Employees: A Resource or Expense?
By Ed Bernacki | June 30, 1999
Every student of management knows the value of ratios: they evaluate the performance of our organizations. One of the simplest is that profit equals your revenues less your expenses.
This puts everything into very clear boxes; either something is an expense or a revenue. From media, consultant and company statements, we seem to be fixated on reducing expenses to increase our returns. The challenge: "We must be more efficient."
Edward de Bono, the world expert in creativity, told a group of business people that if executives were evaluated by the amount of wasted brainpower in their organizations, few would still have their jobs. His point? If employee creativity and brainpower were a visible commodity, we would actually see how weak we are in our ability to harness the potential that exists in our organizations.
Here is a way to use the profit equation that business schools don't teach you.
The line between expenses and revenues is fuzzy, particularly in the service sector. Although lawyers make a clear distinction between fee earners and non-fee earners, this is a completely artificial distinction. It does not provide any insight or guidance for people whose job is on the line. Remembering that 80% or more of our businesses are in service sector, we must challenge this distinction.
Consider for a moment that the line separating revenues and expenses is no longer a line, rather it is a zone, an "opportunity zone".
In the service sector, people are hired to perform a service for other people. Our people costs should be placed in the opportunity zone. People who work in the opportunity zone have two key roles:
- They are facilitators of revenue generation.
- The are ambassadors of expense management.
Facilitators of Revenues have a primary focus on effectiveness. People must feel a sense of urgency to create and protect revenue streams. This includes using the principles of customer service and total quality management. It must also include a sense of innovation that focuses on finding new customers, new ways to service existing customers or ways to better service those who are "fee earners". Here are some real examples:
- Accountants and lawyers that go beyond compliance work by making their clients more successful in their businesses.

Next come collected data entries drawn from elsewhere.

lemma eq_if_div_eq_mod_eq:
  fixes i j b k :: nat
  assumes "0 < b" "b \<le> k" "i div b = j div b" "i mod k = j mod k"
  shows "i = j"
proof -
  have "i = i div b * b + i mod b" "j = i div b * b + j mod b"
    using assms(3) by (metis div_mult_mod_eq)+
  moreover have "i mod b < b" "j mod b < b"
    using assms(1) by simp_all
  ultimately have "i - j < k" "j - i < k" using assms(2) by linarith+
  moreover have "k dvd i - j"
    using assms(4) mod_eq_dvd_iff_nat[of j i k] by (cases "j \<le> i") auto
  moreover have "k dvd j - i"
    using assms(4) mod_eq_dvd_iff_nat[of i j k] by (cases "i \<le> j") auto
  ultimately have "i - j = 0" "j - i = 0" using nat_dvd_not_less by blast+
  then show ?thesis by simp
qed

lemma index_mult_mat_sum:
  fixes A B :: "'a::comm_semiring_0 mat"
  assumes "A \<in> carrier_mat n m" "B \<in> carrier_mat m p" "i < n" "j < p"
  shows "(A * B) $$ (i,j) = (\<Sum>l<m. A $$ (i,l) * B $$ (l,j))"
  using assms by (simp add: scalar_prod_def lessThan_atLeast0)

lemma dim_perfect_shuffle [simp]:
  "dim_row (perfect_shuffle k b) = k*b" "dim_col (perfect_shuffle k b) = k*b"
  by (simp_all add: perfect_shuffle_def)

lemma perfect_shuffle_carrier: "perfect_shuffle k b \<in> carrier_mat (k*b) (k*b)"
  by (rule carrier_matI) simp_all

lemma transpose_perfect_shuffle_carrier:
  "transpose_mat (perfect_shuffle k b) \<in> carrier_mat (k*b) (k*b)"
  by (rule carrier_matI) simp_all

lemma index_perfect_shuffle:
  assumes "i < k*b" "j < k*b"
  shows "perfect_shuffle k b $$ (i,j) = (if i = shuffle_index k b j then 1 else 0)"
  using assms by (simp add: perfect_shuffle_def shuffle_index_def)

lemma index_mult_perfect_shuffle:
  assumes X: "X \<in> carrier_mat n (k*b)" and "i < n" "j < k*b"
  shows "(X * perfect_shuffle k b) $$ (i,j) = X $$ (i, shuffle_index k b j)"
proof -
  have "(X * perfect_shuffle k b) $$ (i,j) = (\<Sum>l<k*b. X $$ (i,l) * perfect_shuffle k b $$ (l,j))"
    using assms by (intro index_mult_mat_sum[OF X perfect_shuffle_carrier])
  also have "\<dots> = (\<Sum>l<k*b. if l = shuffle_index k b j then X $$ (i,l) else 0)"
    using assms by (intro sum.cong) (simp_all add: index_perfect_shuffle)
  also have "\<dots> = X $$ (i, shuffle_index k b j)"
    using shuffle_index_less[OF \<open>j < k*b\<close>] by simp
  finally show ?thesis .
qed

lemma index_transpose_perfect_shuffle_mult:
  assumes X: "X \<in> carrier_mat (k*b) n" and "i < k*b" "j < n"
  shows "(transpose_mat (perfect_shuffle k b) * X) $$ (i,j) = X $$ (shuffle_index k b i, j)"
proof -
  have "(transpose_mat (perfect_shuffle k b) * X) $$ (i,j)
      = (\<Sum>l<k*b. transpose_mat (perfect_shuffle k b) $$ (i,l) * X $$ (l,j))"
    using assms by (intro index_mult_mat_sum[OF transpose_perfect_shuffle_carrier X])
  also have "\<dots> = (\<Sum>l<k*b. if l = shuffle_index k b i then X $$ (l,j) else 0)"
    using assms by (intro sum.cong) (simp_all add: index_perfect_shuffle)
  also have "\<dots> = X $$ (shuffle_index k b i, j)"
    using shuffle_index_less[OF \<open>i < k*b\<close>] by simp
  finally show ?thesis .
qed

lemma index_perfect_shuffle_conj:
  assumes "X \<in> carrier_mat (k*b) (k*b)" "i < k*b" "j < k*b"
  shows "(transpose_mat (perfect_shuffle k b) * X * perfect_shuffle k b) $$ (i,j)
       = X $$ (shuffle_index k b i, shuffle_index k b j)"
proof -
  have "transpose_mat (perfect_shuffle k b) * X \<in> carrier_mat (k*b) (k*b)"
    by (rule mult_carrier_mat[OF transpose_perfect_shuffle_carrier assms(1)])
  then have "(transpose_mat (perfect_shuffle k b) * X * perfect_shuffle k b) $$ (i,j)
      = (transpose_mat (perfect_shuffle k b) * X) $$ (i, shuffle_index k b j)"
    using assms(2,3) by (rule index_mult_perfect_shuffle)
  also have "\<dots> = X $$ (shuffle_index k b i, shuffle_index k b j)"
    using assms shuffle_index_less by (intro index_transpose_perfect_shuffle_mult)
  finally show ?thesis .
qed

lemma perfect_shuffle_orth: "perfect_shuffle k b \<in> orth_mats (k*b)"
proof -
  let ?P = "perfect_shuffle k b"
  have "transpose_mat ?P * ?P = transpose_mat ?P * 1\<^sub>m (k*b) * ?P"
    using right_mult_one_mat[OF transpose_perfect_shuffle_carrier] by simp
  also have "\<dots> = 1\<^sub>m (k*b)"
  proof (rule eq_matI)
    fix i j assume "i < dim_row (1\<^sub>m (k*b))" "j < dim_col (1\<^sub>m (k*b))"
    then have ij: "i < k*b" "j < k*b" by simp_all
    then show "(transpose_mat ?P * 1\<^sub>m (k*b) * ?P) $$ (i,j) = 1\<^sub>m (k*b) $$ (i,j)"
      by (simp only: index_perfect_shuffle_conj[OF one_carrier_mat ij])
         (auto simp: shuffle_index_less dest: shuffle_index_inj)
  qed simp_all
  finally show ?thesis
    unfolding orth_mats_def using perfect_shuffle_carrier by blast
qed

lemma orth_stabilizer_eq_conj:
  assumes Q: "Q \<in> orth_mats n" and B1: "B1 \<in> orth_mats n" and B2: "B2 \<in> carrier_mat n n"
    and stable: "B2 * Q * transpose_mat B1 = Q"
  shows "B1 = transpose_mat Q * B2 * Q"
proof -
  have Qc: "Q \<in> carrier_mat n n" and B1c: "B1 \<in> carrier_mat n n"
    using Q B1 by (simp_all add: orth_mats_def)
  have "Q * B1 = B2 * Q * transpose_mat B1 * B1"
    by (simp add: stable)
  also have "\<dots> = B2 * Q * (transpose_mat B1 * B1)"
    using B1c B2 Qc by (intro assoc_mult_mat[of _ n n _ n _ n]) auto
  also have "\<dots> = B2 * Q"
    using B1 B2 Qc by (simp add: orth_mats_def right_mult_one_mat[of _ n n])
  finally have "Q * B1 = B2 * Q" .
  then have "transpose_mat Q * B2 * Q = transpose_mat Q * (Q * B1)"
    using B2 Qc by (simp add: assoc_mult_mat[of _ n n _ n _ n])
  also have "\<dots> = transpose_mat Q * Q * B1"
    using B1c Qc by (intro assoc_mult_mat[symmetric, of _ n n _ n _ n]) auto
  also have "\<dots> = B1"
    using Q B1c by (simp add: orth_mats_def)
  finally show ?thesis by simp
qed

lemma sum_lessThan_mult_split:
  fixes f :: "nat \<Rightarrow> 'a::comm_monoid_add"
  shows "(\<Sum>l<k*b. f l) = (\<Sum>a<k. \<Sum>c<b. f (a*b + c))"
proof -
  have "(\<Sum>l<k*b. f l) = (\<Sum>a<k. sum f {a*b..<a*b + b})"
    using sum.nat_group[of f b k] by simp
  also have "\<dots> = (\<Sum>a<k. \<Sum>c<b. f (a*b + c))"
  proof (rule sum.cong[OF refl])
    fix a
    show "sum f {a*b..<a*b + b} = (\<Sum>c<b. f (a*b + c))"
      using sum.shift_bounds_nat_ivl[of f 0 "a*b" b]
      by (simp add: add.commute lessThan_atLeast0)
  qed
  finally show ?thesis .
qed

lemma block_index_less:
  fixes a b c k :: nat
  assumes "a < k" "c < b"
  shows "a*b + c < k*b"
proof -
  have "a*b + c < Suc a * b" using assms(2) by simp
  also have "\<dots> \<le> k*b" using assms(1) by (intro mult_le_mono1) simp
  finally show ?thesis .
qed

lemma dim_block_diag [simp]:
  "dim_row (block_diag k b M) = k*b" "dim_col (block_diag k b M) = k*b"
  by (simp_all add: block_diag_def)

lemma block_diag_carrier: "block_diag k b M \<in> carrier_mat (k*b) (k*b)"
  by (rule carrier_matI) simp_all

lemma index_block_diag:
  assumes "i < k*b" "j < k*b"
  shows "block_diag k b M $$ (i,j)
       = (if i div b = j div b then M (i div b) $$ (i mod b, j mod b) else 0)"
  using assms by (simp add: block_diag_def)

lemma index_block_diag_block:
  assumes "i < k*b" "a < k" "c < b"
  shows "block_diag k b M $$ (i, a*b + c) = (if i div b = a then M a $$ (i mod b, c) else 0)"
    and "block_diag k b M $$ (a*b + c, i) = (if a = i div b then M a $$ (c, i mod b) else 0)"
  using assms block_index_less[OF assms(2,3)] by (simp_all add: index_block_diag)

lemma block_diag_mult:
  assumes M: "\<And>a. a < k \<Longrightarrow> M a \<in> carrier_mat b b"
    and M': "\<And>a. a < k \<Longrightarrow> M' a \<in> carrier_mat b b"
  shows "block_diag k b M * block_diag k b M' = block_diag k b (\<lambda>a. M a * M' a)"
proof (rule eq_matI)
  fix i j assume "i < dim_row (block_diag k b (\<lambda>a. M a * M' a))"
    "j < dim_col (block_diag k b (\<lambda>a. M a * M' a))"
  then have ij: "i < k*b" "j < k*b" by simp_all
  then have "0 < b" by (cases b) auto
  have blk: "i div b < k" using ij by (simp add: less_mult_imp_div_less)
  have "(block_diag k b M * block_diag k b M') $$ (i,j)
      = (\<Sum>l<k*b. block_diag k b M $$ (i,l) * block_diag k b M' $$ (l,j))"
    by (rule index_mult_mat_sum[OF block_diag_carrier block_diag_carrier ij])
  also have "\<dots> = (\<Sum>a<k. \<Sum>c<b. block_diag k b M $$ (i, a*b + c) * block_diag k b M' $$ (a*b + c, j))"
    by (rule sum_lessThan_mult_split)
  also have "\<dots> = (\<Sum>a<k. if a = i div b then
      (if i div b = j div b then \<Sum>c<b. M a $$ (i mod b, c) * M' a $$ (c, j mod b) else 0) else 0)"
    using ij by (intro sum.cong refl) (auto simp: index_block_diag_block)
  also have "\<dots> = (if i div b = j div b
      then \<Sum>c<b. M (i div b) $$ (i mod b, c) * M' (i div b) $$ (c, j mod b) else 0)"
    using blk by simp
  also have "\<dots> = block_diag k b (\<lambda>a. M a * M' a) $$ (i,j)"
    using ij blk \<open>0 < b\<close> by (simp add: index_block_diag index_mult_mat_sum[OF M M'])
  finally show "(block_diag k b M * block_diag k b M') $$ (i,j) = block_diag k b (\<lambda>a. M a * M' a) $$ (i,j)" .
qed simp_all

lemma transpose_block_diag:
  assumes "\<And>a. a < k \<Longrightarrow> M a \<in> carrier_mat b b"
  shows "transpose_mat (block_diag k b M) = block_diag k b (\<lambda>a. transpose_mat (M a))"
proof (rule eq_matI)
  fix i j assume "i < dim_row (block_diag k b (\<lambda>a. transpose_mat (M a)))"
    "j < dim_col (block_diag k b (\<lambda>a. transpose_mat (M a)))"
  then have ij: "i < k*b" "j < k*b" by simp_all
  then have "0 < b" by (cases b) auto
  have "j div b < k" using ij by (simp add: less_mult_imp_div_less)
  then have "M (j div b) \<in> carrier_mat b b" by (rule assms)
  then show "transpose_mat (block_diag k b M) $$ (i,j) = block_diag k b (\<lambda>a. transpose_mat (M a)) $$ (i,j)"
    using ij \<open>0 < b\<close> by (auto simp: index_block_diag)
qed simp_all

lemma block_diag_one:
  assumes "\<And>a. a < k \<Longrightarrow> M a = 1\<^sub>m b"
  shows "block_diag k b M = 1\<^sub>m (k*b)"
proof (rule eq_matI)
  fix i j assume "i < dim_row (1\<^sub>m (k*b))" "j < dim_col (1\<^sub>m (k*b))"
  then have ij: "i < k*b" "j < k*b" by simp_all
  then have "0 < b" by (cases b) auto
  have "i div b < k" using ij by (simp add: less_mult_imp_div_less)
  moreover have "(i div b = j div b \<and> i mod b = j mod b) = (i = j)"
    by (metis div_mult_mod_eq)
  ultimately show "block_diag k b M $$ (i,j) = 1\<^sub>m (k*b) $$ (i,j)"
    using ij assms \<open>0 < b\<close> by (auto simp: index_block_diag)
qed simp_all

lemma block_group_carrier: "B \<in> block_group S k b \<Longrightarrow> B \<in> carrier_mat (k*b) (k*b)"
  by (auto simp: block_group_def block_diag_carrier)

lemma block_group_orth: "block_group orth_mats k b \<subseteq> orth_mats (k*b)"
proof
  fix B assume "B \<in> block_group orth_mats k b"
  then obtain M where B: "B = block_diag k b M" and M: "\<And>a. a < k \<Longrightarrow> M a \<in> orth_mats b"
    by (auto simp: block_group_def)
  have Mc: "\<And>a. a < k \<Longrightarrow> M a \<in> carrier_mat b b"
    using M by (simp add: orth_mats_def)
  have "transpose_mat B * B = block_diag k b (\<lambda>a. transpose_mat (M a) * M a)"
    using Mc by (simp add: B transpose_block_diag block_diag_mult)
  also have "\<dots> = 1\<^sub>m (k*b)"
    using M by (intro block_diag_one) (simp add: orth_mats_def)
  finally show "B \<in> orth_mats (k*b)"
    using B block_diag_carrier by (simp add: orth_mats_def)
qed

lemma block_group_off_block_eq_0:
  assumes "B \<in> block_group S k b" "i < k*b" "j < k*b" "i div b \<noteq> j div b"
  shows "B $$ (i,j) = 0"
  using assms by (auto simp: block_group_def index_block_diag)

lemma shuffle_conj_block_diag_imp_diagonal:
  assumes N1: "N = k1 * b1" and N2: "N = k2 * b2" and "0 < b2" "b2 \<le> k1"
    and B2: "B2 \<in> block_group S2 k2 b2"
    and B1: "transpose_mat (perfect_shuffle k1 b1) * B2 * perfect_shuffle k1 b1 \<in> block_group S1 k1 b1"
    and "i < N" "j < N" "i \<noteq> j"
  shows "B2 $$ (i,j) = 0"
proof (rule ccontr)
  assume nz: "B2 $$ (i,j) \<noteq> 0"
  let ?C = "transpose_mat (perfect_shuffle k1 b1) * B2 * perfect_shuffle k1 b1"
  let ?\<sigma> = "shuffle_index b1 k1"
  have ij: "i < b1 * k1" "j < b1 * k1" using \<open>i < N\<close> \<open>j < N\<close> N1 by (simp_all add: mult.commute)
  have "?C $$ (?\<sigma> i, ?\<sigma> j) = B2 $$ (shuffle_index k1 b1 (?\<sigma> i), shuffle_index k1 b1 (?\<sigma> j))"
    using block_group_carrier[OF B2] ij shuffle_index_less N1 N2
    by (intro index_perfect_shuffle_conj) (auto simp: mult.commute)
  also have "\<dots> = B2 $$ (i,j)" using ij by (simp add: shuffle_index_shuffle_index)
  finally have "?C $$ (?\<sigma> i, ?\<sigma> j) \<noteq> 0" using nz by simp
  moreover have "?\<sigma> i < k1 * b1" "?\<sigma> j < k1 * b1"
    using shuffle_index_less[OF ij(1)] shuffle_index_less[OF ij(2)] by (simp_all add: mult.commute)
  ultimately have "?\<sigma> i div b1 = ?\<sigma> j div b1"
    using block_group_off_block_eq_0[OF B1] by blast
  then have "i mod k1 = j mod k1" using ij by (simp add: shuffle_index_div)
  moreover have "i div b2 = j div b2"
    using block_group_off_block_eq_0[OF B2] nz \<open>i < N\<close> \<open>j < N\<close> N2 by auto
  ultimately have "i = j" using eq_if_div_eq_mod_eq \<open>0 < b2\<close> \<open>b2 \<le> k1\<close> by blast
  with \<open>i \<noteq> j\<close> show False ..
qed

- The secretary and receptionist that manage the job as a "sales person" as they are often the first contact a customer has with the company.
- Staff who are curious and ask customers how they use products and services to uncover needs that the company's strategist missed.
In each case, we are adding value to the business's bottom line.
Expense Ambassadors are people who use resources to service customers. Often they know more about inefficiencies then the people in the boardroom recognize. By providing opportunities to review costs and spending on training and other support services, you may be surprised how economical staff can be.
Given the opportunity to manage expenses in a professional way, people will respond. However, they must have confidence in the management to take on this role. They can not be left with the feeling that their job is to cut jobs.
If you are an expense, you are expendable. If you are a resource in the "opportunity zone", you have confidence to search for the solutions to business problems which drain resources and opportunities which create resources.
Businesses which earn the title of being "innovative" invest in people to be managers of expenses and ambassadors of revenue generation. To help this process, numerous creativity and innovation tools are available. These problem-solving tools thrive in the opportunity zone.
The days of efficiency and quality being an advantage are gone. Consumers assume that these are in place. Organizations that will survive and thrive into the next millennium will harness and focus their brainpower to add value to consumers.